**Exercise description:** Collect all lines below with the string "that".

-- -- --

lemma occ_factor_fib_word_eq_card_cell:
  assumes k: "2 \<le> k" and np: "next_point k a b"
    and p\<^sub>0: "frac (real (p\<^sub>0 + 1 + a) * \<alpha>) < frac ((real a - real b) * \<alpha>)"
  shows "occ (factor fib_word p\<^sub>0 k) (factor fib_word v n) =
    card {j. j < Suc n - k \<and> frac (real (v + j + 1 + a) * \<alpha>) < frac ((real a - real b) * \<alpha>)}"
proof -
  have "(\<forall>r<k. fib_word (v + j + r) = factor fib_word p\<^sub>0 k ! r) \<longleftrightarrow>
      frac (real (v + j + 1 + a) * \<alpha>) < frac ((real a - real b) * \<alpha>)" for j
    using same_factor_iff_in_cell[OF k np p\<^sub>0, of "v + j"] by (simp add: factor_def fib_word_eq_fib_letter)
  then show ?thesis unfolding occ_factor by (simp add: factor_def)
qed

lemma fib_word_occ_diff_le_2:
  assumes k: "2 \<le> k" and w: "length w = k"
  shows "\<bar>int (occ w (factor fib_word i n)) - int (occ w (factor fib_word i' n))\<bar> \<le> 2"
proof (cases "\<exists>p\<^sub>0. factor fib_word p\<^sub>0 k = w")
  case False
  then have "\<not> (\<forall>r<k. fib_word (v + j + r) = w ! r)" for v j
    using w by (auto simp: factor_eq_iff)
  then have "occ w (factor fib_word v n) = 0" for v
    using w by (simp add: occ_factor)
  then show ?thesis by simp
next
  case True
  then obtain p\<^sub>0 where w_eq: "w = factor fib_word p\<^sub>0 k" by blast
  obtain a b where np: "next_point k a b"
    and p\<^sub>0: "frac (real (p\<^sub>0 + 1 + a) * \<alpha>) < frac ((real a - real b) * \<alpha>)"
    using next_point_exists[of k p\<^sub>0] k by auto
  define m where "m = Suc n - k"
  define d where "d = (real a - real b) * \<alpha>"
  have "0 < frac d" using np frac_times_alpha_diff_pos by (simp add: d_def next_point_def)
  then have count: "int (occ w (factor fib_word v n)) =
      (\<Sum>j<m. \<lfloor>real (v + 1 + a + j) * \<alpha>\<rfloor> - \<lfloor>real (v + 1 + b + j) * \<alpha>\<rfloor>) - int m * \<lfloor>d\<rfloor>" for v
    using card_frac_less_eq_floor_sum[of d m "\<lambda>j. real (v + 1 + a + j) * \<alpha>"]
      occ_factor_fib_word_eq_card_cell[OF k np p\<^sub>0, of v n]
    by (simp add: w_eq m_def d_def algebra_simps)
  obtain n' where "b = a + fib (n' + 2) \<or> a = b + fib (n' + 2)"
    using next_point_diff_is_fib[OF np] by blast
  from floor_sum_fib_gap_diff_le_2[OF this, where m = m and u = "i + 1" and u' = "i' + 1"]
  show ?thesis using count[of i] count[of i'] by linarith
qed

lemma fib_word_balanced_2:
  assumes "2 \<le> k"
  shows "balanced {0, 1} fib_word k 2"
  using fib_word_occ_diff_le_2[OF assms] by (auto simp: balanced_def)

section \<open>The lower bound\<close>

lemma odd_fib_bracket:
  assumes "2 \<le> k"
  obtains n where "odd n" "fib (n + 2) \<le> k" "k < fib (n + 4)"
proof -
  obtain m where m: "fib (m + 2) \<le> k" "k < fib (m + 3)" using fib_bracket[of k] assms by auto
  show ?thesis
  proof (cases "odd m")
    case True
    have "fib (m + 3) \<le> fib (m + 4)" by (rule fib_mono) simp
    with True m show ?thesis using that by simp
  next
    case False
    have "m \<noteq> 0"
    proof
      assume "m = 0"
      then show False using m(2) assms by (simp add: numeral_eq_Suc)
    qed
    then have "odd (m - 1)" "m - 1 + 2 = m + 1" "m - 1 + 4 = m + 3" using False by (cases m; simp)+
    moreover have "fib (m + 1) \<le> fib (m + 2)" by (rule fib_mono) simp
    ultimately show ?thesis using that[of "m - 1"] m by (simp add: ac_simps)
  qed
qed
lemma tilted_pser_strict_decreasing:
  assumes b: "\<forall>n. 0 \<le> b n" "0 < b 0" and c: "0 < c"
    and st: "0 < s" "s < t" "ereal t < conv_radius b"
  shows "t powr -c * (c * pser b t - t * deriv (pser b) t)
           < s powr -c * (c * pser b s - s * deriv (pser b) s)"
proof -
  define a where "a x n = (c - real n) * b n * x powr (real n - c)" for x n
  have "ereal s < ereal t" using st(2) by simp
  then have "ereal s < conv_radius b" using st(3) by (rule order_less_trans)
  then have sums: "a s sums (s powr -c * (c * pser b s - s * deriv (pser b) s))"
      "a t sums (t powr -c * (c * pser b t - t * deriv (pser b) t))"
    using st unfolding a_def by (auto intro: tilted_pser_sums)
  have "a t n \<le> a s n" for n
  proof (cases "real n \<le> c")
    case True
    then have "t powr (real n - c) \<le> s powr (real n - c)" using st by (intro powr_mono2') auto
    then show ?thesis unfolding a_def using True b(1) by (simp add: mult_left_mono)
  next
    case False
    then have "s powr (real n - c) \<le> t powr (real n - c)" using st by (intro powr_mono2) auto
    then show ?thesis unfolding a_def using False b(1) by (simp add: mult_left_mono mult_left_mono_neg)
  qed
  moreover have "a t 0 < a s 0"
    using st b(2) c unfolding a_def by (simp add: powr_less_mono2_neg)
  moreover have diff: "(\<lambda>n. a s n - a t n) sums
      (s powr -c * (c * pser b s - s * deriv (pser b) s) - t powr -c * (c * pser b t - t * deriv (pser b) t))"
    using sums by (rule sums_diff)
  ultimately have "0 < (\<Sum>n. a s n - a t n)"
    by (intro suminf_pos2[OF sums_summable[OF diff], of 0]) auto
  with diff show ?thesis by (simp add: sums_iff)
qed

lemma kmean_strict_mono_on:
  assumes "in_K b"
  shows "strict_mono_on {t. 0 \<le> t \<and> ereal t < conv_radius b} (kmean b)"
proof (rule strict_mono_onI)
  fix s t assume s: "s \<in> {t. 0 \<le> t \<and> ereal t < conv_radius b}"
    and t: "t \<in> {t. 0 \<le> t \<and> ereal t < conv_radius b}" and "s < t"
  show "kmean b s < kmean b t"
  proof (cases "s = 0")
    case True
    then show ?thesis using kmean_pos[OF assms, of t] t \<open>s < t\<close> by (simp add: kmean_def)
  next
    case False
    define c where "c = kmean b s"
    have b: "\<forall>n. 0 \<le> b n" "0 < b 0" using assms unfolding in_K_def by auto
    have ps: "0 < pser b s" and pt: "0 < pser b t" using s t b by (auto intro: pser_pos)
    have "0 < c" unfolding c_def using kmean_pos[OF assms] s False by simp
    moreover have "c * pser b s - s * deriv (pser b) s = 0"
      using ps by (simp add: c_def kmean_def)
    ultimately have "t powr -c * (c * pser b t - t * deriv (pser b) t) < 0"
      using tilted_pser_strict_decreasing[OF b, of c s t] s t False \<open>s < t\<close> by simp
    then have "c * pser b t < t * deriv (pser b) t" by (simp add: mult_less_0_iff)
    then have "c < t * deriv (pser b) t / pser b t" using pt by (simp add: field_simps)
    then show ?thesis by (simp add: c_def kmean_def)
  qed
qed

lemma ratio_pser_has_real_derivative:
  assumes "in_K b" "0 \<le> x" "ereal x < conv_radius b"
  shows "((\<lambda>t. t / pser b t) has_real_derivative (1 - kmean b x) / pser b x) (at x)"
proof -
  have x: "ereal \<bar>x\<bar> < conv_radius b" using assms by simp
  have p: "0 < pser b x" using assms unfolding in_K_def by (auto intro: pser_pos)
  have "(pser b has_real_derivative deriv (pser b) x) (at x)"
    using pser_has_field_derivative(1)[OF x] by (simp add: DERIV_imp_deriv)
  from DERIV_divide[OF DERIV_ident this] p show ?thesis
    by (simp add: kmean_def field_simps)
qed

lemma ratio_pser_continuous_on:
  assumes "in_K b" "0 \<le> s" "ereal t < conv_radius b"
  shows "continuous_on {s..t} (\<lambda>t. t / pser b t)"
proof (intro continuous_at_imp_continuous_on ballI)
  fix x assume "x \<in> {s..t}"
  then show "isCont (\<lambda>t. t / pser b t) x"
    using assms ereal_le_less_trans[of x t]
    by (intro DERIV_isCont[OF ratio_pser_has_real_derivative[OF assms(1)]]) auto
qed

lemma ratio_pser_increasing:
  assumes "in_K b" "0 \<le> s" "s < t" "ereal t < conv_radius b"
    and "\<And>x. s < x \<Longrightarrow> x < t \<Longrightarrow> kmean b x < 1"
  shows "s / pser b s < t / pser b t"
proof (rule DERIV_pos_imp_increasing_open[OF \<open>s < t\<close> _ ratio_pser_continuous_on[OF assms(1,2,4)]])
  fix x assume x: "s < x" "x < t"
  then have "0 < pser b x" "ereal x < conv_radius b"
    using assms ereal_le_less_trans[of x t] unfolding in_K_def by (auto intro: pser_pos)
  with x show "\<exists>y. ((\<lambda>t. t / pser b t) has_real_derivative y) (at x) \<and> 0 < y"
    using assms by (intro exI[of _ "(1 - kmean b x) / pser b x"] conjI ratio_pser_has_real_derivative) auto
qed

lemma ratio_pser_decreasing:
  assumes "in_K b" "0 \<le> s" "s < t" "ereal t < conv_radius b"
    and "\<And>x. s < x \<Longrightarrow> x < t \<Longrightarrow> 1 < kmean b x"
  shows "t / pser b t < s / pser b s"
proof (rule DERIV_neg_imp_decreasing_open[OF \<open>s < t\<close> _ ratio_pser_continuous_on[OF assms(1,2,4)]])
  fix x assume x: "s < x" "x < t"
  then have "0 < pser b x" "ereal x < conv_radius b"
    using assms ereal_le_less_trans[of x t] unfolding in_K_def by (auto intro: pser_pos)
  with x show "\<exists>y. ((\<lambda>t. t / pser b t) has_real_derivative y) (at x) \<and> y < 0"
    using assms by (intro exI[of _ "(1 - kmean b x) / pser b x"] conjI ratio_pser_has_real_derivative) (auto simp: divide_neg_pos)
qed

-- -- --

**Solved problem:**
    with True m show ?thesis using that by simp
    ultimately show ?thesis using that[of "m - 1"] m by (simp add: ac_simps)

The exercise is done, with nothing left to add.